= WHAT THE EXERCISE ASKS =
Both the line below containing "(use fin card_image[OF" and the line containing "strict_partitions_max n 1 \<longleftrightarrow>", along with every line between them, should be repeated exactly; no other line belongs in the answer.

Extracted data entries
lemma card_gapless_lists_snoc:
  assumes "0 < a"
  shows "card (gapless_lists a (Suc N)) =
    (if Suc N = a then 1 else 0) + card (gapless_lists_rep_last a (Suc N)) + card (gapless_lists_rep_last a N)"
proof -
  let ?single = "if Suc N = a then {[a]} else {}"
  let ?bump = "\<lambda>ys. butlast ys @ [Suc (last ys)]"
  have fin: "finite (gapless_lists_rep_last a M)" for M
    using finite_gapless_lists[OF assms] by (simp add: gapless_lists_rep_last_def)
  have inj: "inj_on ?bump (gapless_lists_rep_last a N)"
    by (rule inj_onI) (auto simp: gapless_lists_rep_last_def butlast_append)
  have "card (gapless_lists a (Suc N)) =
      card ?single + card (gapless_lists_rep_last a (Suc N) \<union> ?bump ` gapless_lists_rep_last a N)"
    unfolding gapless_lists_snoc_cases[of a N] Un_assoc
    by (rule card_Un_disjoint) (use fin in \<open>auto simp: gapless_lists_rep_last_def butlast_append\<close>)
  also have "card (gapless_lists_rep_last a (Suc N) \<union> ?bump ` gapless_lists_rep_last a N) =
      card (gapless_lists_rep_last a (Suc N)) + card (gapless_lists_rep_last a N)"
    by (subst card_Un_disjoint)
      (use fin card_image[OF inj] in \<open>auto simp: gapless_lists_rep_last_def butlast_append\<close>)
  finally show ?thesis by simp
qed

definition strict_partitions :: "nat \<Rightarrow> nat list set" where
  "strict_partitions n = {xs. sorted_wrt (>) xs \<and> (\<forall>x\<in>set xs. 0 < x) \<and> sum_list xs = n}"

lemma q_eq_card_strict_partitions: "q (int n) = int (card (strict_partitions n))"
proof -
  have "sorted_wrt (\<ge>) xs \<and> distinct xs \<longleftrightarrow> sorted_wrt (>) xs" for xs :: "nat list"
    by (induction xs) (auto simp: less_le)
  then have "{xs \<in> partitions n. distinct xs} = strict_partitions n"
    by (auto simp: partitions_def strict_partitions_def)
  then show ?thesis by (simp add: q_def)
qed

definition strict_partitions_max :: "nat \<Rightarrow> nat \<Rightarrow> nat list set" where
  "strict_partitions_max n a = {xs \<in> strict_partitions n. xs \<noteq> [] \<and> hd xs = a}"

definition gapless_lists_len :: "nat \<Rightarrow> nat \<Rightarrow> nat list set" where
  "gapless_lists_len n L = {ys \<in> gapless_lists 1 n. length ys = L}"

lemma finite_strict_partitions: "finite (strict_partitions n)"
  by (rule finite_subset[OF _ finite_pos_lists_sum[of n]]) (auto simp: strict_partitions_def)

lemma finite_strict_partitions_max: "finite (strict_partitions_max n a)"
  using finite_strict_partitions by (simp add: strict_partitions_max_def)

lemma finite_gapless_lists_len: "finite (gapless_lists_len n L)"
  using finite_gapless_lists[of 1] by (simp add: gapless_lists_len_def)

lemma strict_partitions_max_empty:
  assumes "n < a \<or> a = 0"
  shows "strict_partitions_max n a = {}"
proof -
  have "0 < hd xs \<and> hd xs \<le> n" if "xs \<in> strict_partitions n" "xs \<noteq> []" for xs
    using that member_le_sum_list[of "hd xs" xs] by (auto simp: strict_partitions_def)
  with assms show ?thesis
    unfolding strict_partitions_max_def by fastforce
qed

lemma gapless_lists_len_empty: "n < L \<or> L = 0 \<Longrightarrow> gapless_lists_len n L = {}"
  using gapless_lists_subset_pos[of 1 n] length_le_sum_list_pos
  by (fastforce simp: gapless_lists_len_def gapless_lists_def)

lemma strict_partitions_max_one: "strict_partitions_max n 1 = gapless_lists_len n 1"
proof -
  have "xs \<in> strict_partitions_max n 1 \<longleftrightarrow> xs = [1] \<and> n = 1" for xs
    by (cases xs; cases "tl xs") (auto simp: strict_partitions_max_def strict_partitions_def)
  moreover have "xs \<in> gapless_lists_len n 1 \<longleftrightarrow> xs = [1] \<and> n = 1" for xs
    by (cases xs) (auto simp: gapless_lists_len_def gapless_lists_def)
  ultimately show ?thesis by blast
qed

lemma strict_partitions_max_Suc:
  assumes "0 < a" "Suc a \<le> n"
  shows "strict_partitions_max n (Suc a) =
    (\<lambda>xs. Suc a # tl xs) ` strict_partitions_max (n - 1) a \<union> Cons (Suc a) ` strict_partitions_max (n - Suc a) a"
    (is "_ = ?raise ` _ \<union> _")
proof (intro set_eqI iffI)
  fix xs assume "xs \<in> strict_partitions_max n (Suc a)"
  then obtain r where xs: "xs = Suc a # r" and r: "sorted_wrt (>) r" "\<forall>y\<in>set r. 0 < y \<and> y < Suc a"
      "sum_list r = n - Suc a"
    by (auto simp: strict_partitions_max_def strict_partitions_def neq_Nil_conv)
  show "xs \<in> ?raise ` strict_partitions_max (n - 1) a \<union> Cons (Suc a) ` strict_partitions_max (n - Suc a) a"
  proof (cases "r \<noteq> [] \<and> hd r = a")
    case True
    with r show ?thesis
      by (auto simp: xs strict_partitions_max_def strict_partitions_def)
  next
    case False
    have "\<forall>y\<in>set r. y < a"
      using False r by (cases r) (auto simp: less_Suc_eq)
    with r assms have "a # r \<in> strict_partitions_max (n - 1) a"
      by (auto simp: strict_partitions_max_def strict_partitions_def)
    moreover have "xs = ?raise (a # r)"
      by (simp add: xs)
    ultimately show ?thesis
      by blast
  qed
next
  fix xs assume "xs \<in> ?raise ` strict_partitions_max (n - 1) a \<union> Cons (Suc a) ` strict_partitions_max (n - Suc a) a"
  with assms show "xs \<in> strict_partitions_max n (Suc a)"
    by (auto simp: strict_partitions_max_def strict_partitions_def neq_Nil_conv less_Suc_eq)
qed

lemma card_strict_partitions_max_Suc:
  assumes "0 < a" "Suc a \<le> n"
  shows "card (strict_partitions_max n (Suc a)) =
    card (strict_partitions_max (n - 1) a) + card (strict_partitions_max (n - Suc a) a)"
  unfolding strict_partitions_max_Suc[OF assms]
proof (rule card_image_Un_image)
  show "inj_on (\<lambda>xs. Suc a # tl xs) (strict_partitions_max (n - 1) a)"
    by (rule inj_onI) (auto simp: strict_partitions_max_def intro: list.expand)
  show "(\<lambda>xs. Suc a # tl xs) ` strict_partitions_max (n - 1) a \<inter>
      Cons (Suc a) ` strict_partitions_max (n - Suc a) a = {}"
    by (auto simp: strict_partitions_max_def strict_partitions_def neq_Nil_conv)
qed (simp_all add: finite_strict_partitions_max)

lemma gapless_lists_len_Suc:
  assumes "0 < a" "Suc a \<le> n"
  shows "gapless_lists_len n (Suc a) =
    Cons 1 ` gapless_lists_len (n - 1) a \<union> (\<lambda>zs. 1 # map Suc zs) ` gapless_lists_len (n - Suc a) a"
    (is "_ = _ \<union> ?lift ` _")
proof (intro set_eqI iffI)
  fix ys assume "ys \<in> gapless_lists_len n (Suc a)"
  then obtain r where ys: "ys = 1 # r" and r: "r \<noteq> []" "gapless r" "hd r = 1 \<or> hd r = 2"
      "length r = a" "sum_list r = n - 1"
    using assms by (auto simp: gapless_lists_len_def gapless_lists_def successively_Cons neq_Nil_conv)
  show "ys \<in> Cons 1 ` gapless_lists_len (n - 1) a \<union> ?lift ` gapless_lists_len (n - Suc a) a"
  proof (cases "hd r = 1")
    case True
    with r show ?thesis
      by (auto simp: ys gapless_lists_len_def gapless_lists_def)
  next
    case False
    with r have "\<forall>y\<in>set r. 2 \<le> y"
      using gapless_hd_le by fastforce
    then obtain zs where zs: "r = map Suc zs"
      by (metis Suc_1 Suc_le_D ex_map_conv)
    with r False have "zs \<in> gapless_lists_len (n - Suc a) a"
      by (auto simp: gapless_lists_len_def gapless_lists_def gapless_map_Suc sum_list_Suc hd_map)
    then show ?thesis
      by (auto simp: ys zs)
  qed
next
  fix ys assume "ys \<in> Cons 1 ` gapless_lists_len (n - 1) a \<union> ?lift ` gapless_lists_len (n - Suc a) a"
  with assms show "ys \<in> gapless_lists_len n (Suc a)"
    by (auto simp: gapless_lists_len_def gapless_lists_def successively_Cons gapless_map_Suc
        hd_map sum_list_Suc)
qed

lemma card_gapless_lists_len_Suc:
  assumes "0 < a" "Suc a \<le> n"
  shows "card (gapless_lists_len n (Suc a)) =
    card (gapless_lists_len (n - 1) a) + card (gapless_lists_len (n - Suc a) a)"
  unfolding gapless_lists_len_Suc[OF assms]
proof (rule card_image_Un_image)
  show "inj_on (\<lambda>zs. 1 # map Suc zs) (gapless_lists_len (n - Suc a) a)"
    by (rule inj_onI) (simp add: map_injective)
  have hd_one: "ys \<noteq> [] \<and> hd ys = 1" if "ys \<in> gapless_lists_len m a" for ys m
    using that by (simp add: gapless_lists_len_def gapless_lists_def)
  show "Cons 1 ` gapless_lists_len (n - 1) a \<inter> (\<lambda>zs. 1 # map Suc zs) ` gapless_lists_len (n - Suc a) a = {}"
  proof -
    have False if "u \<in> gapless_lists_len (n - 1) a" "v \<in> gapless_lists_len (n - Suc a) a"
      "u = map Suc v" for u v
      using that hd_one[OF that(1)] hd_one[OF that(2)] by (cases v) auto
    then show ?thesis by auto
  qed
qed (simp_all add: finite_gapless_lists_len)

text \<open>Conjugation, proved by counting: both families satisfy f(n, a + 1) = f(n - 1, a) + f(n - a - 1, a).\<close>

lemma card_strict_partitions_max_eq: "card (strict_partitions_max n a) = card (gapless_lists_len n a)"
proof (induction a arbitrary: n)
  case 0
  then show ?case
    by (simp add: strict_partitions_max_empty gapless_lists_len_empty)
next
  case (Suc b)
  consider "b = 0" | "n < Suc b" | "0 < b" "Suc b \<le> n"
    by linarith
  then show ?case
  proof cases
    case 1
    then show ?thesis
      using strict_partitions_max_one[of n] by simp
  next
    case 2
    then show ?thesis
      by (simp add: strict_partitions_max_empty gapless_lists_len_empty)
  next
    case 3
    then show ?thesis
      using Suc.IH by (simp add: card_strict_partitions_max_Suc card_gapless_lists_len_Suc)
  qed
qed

= EXERCISE ANSWER =
      (use fin card_image[OF inj] in \<open>auto simp: gapless_lists_rep_last_def butlast_append\<close>)
  finally show ?thesis by simp
qed

definition strict_partitions :: "nat \<Rightarrow> nat list set" where
  "strict_partitions n = {xs. sorted_wrt (>) xs \<and> (\<forall>x\<in>set xs. 0 < x) \<and> sum_list xs = n}"

lemma q_eq_card_strict_partitions: "q (int n) = int (card (strict_partitions n))"
proof -
  have "sorted_wrt (\<ge>) xs \<and> distinct xs \<longleftrightarrow> sorted_wrt (>) xs" for xs :: "nat list"
    by (induction xs) (auto simp: less_le)
  then have "{xs \<in> partitions n. distinct xs} = strict_partitions n"
    by (auto simp: partitions_def strict_partitions_def)
  then show ?thesis by (simp add: q_def)
qed

definition strict_partitions_max :: "nat \<Rightarrow> nat \<Rightarrow> nat list set" where
  "strict_partitions_max n a = {xs \<in> strict_partitions n. xs \<noteq> [] \<and> hd xs = a}"

definition gapless_lists_len :: "nat \<Rightarrow> nat \<Rightarrow> nat list set" where
  "gapless_lists_len n L = {ys \<in> gapless_lists 1 n. length ys = L}"

lemma finite_strict_partitions: "finite (strict_partitions n)"
  by (rule finite_subset[OF _ finite_pos_lists_sum[of n]]) (auto simp: strict_partitions_def)

lemma finite_strict_partitions_max: "finite (strict_partitions_max n a)"
  using finite_strict_partitions by (simp add: strict_partitions_max_def)

lemma finite_gapless_lists_len: "finite (gapless_lists_len n L)"
  using finite_gapless_lists[of 1] by (simp add: gapless_lists_len_def)

lemma strict_partitions_max_empty:
  assumes "n < a \<or> a = 0"
  shows "strict_partitions_max n a = {}"
proof -
  have "0 < hd xs \<and> hd xs \<le> n" if "xs \<in> strict_partitions n" "xs \<noteq> []" for xs
    using that member_le_sum_list[of "hd xs" xs] by (auto simp: strict_partitions_def)
  with assms show ?thesis
    unfolding strict_partitions_max_def by fastforce
qed

lemma gapless_lists_len_empty: "n < L \<or> L = 0 \<Longrightarrow> gapless_lists_len n L = {}"
  using gapless_lists_subset_pos[of 1 n] length_le_sum_list_pos
  by (fastforce simp: gapless_lists_len_def gapless_lists_def)

lemma strict_partitions_max_one: "strict_partitions_max n 1 = gapless_lists_len n 1"
proof -
  have "xs \<in> strict_partitions_max n 1 \<longleftrightarrow> xs = [1] \<and> n = 1" for xs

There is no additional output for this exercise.